Wind, Sand and Stars, Antoine de Saint-Exupéry
This year I thought I would read more non-fiction. I ended up reading mostly travel books —Krakauer, Strayed, Bryson— and, by a fortunate twist of fate, revisiting a beloved author. It could seem like this book has nothing to do with The Little Prince, yet the same sense of wander and the conflicts between humans and a hostile world run through the pages of both books. Wind, Sand and Stars is a series of writings about de Saint-Exupéry’s experience as a pilot for the airmail carrier Aéropostale. He writes of the planes, the trips, of friendship and love, of death, heroism and of how it feels to be in a plane thousands of feet above the ground, all by yourself. A wonderful book.

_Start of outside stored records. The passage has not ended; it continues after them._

lemma pi1_Gamma_generated_near_Omega:
  fixes U :: "pt set"
  assumes k: "0 < k" "k < 1"
    and U: "\<And>q y. q \<in> Omega \<Longrightarrow> y \<in> level_curve (2 * k^2 - 1) \<Longrightarrow>
      dist q y \<le> sqrt (10 * (1 - k)) + 2 * (1 - k) \<Longrightarrow> y \<in> U"
  shows "pi1_generated_in (Gamma k) U"
proof -
  define c where "c = 2 * k^2 - 1"
  have "k^2 \<le> 1" "0 \<le> (1 - k)^2"
    using k by (simp_all add: power_le_one)
  then have c: "-1 \<le> c" "c \<le> 1" "2 * (1 - c) + 2 * ((2 - k) - 1) \<le> 10 * (1 - k)"
    by (simp_all add: c_def power2_diff algebra_simps)
  have "pi1_generated_in (level_curve c) U"
  proof (rule pi1_level_curve_generated_near_Omega[OF c(1,2), of "2 - k"])
    fix q y assume q: "q \<in> Omega" and y: "y \<in> level_curve c"
      and "dist q y \<le> sqrt (2 * (1 - c) + 2 * ((2 - k) - 1)) + 2 * ((2 - k) - 1)"
    moreover have "sqrt (2 * (1 - c) + 2 * ((2 - k) - 1)) \<le> sqrt (10 * (1 - k))"
      using c(3) by (rule real_sqrt_le_mono)
    moreover have "2 * ((2 - k) - 1) = 2 * (1 - k)"
      by simp
    ultimately have "dist q y \<le> sqrt (10 * (1 - k)) + 2 * (1 - k)"
      by linarith
    with q y show "y \<in> U"
      unfolding c_def by (rule U)
  qed (use k in simp)
  then show ?thesis
    using k by (simp add: Gamma_eq_level_curve c_def)
qed

theorem lemma5:
  fixes U :: "pt set"
  assumes "openin (top_of_set NN) U" and "Omega \<subseteq> U"
  shows "\<exists>\<epsilon>>0. \<forall>k::real. 0 < k \<and> 0 < 1 - k \<and> 1 - k < \<epsilon> \<longrightarrow> pi1_generated_in (Gamma k) U"
proof -
  obtain V where V: "open V" "U = NN \<inter> V"
    using assms(1) by (auto simp: openin_open)
  obtain \<eta> where \<eta>: "0 < \<eta>" "\<And>x. x \<in> Omega \<Longrightarrow> ball x \<eta> \<subseteq> V"
    using Heine_Borel_lemma[OF compact_Omega, of "{V}"] assms(2) V by auto
  have "((\<lambda>\<delta>. sqrt (10 * \<delta>) + 2 * \<delta>) \<longlongrightarrow> 0) (at_right 0)"
    by (auto intro!: tendsto_eq_intros)
  then have "\<forall>\<^sub>F \<delta> in at_right 0. sqrt (10 * \<delta>) + 2 * \<delta> < \<eta>"
    using \<eta>(1) by (rule order_tendstoD(2))
  then obtain \<epsilon> where \<epsilon>: "0 < \<epsilon>" "\<And>\<delta>. 0 < \<delta> \<Longrightarrow> \<delta> < \<epsilon> \<Longrightarrow> sqrt (10 * \<delta>) + 2 * \<delta> < \<eta>"
    by (auto simp: eventually_at_right_field)
  show ?thesis
  proof (intro exI[of _ \<epsilon>] conjI allI impI \<epsilon>(1))
    fix k :: real
    assume k: "0 < k \<and> 0 < 1 - k \<and> 1 - k < \<epsilon>"
    show "pi1_generated_in (Gamma k) U"
    proof (rule pi1_Gamma_generated_near_Omega)
      fix q y assume q: "q \<in> Omega" and "y \<in> level_curve (2 * k^2 - 1)"
        and "dist q y \<le> sqrt (10 * (1 - k)) + 2 * (1 - k)"
      then show "y \<in> U"
        using \<epsilon>(2)[of "1 - k"] k \<eta>(2)[OF q] level_curve_subset_NN V(2) by fastforce
    qed (use k in auto)
  qed
qed

end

The Accursed, Joyce Carol Oates
This was the creepiest thing I’ve read in a while and, also, my first Joyce Carol Oates novel and I can’t wait to read more of her books. It is a very complex story, but basically what you read is this historian’s account of what happened in Princeton at the beginning of the 20th century, when many women disappeared, were found dead, and other strange occurrences took place within the elite of the town. Woodrow Wilson, Upton Sinclair, Jack London and even Sherlock Holmes appear in this crazy book, as well as the devil himself and other creatures (vampires!). When his sister is “abducted” shortly after her wedding, it is up to Josiah Slade, whom we follow through the historian’s doubtful account, to solve the curse that ravages the town. This is a really entertaining, disturbing, scary, funny novel that touches on many social issues like racism and sexism. Also, it is an admirable work of fiction; I am amazed at Oates’ narrative talent and critical insight.
The Guernsey Literary and Potato Peel Pie Society, Mary Ann Schaffer and Annie Burrows
Written as a series of letters and diary entries, the book follows the journey of the writer Juliet Ashton to Guernsey, one of the Channel Islands, to write a book about the occupation. The book is, to put it simply, an ode to literature and the many ways in which it is intertwined with life, an ode to literature as a means of survival, as a means of resilience and, most importantly, as a means of resistance.
Desert Solitaire, Edward Abbey
This book is life changing. Edward Abbey got a job as a park ranger at Arches National Park in Utah and this book is formed by a series of essays on different topics that he wrote there, living on a van during the winter. Abbey’s reflexions on wilderness and our relation with it are as actual as his his critique of capitalism. This book is at times bitter as desperate, exasperating and sad, hopeful and exiting. Abbey is such a gifted writer, mixing narrative with his essays, conveying closeness, warning, teasing, teaching. This book is so important for the challenges we face today in regards to global warming and consumerism, and it is also a wonderful piece of prose.
I am currently reading The Essex Serpent by Sarah Perry and finding it delightful. It’s been, overall, a very good year for reading. What were your highlight? How should I start 2019?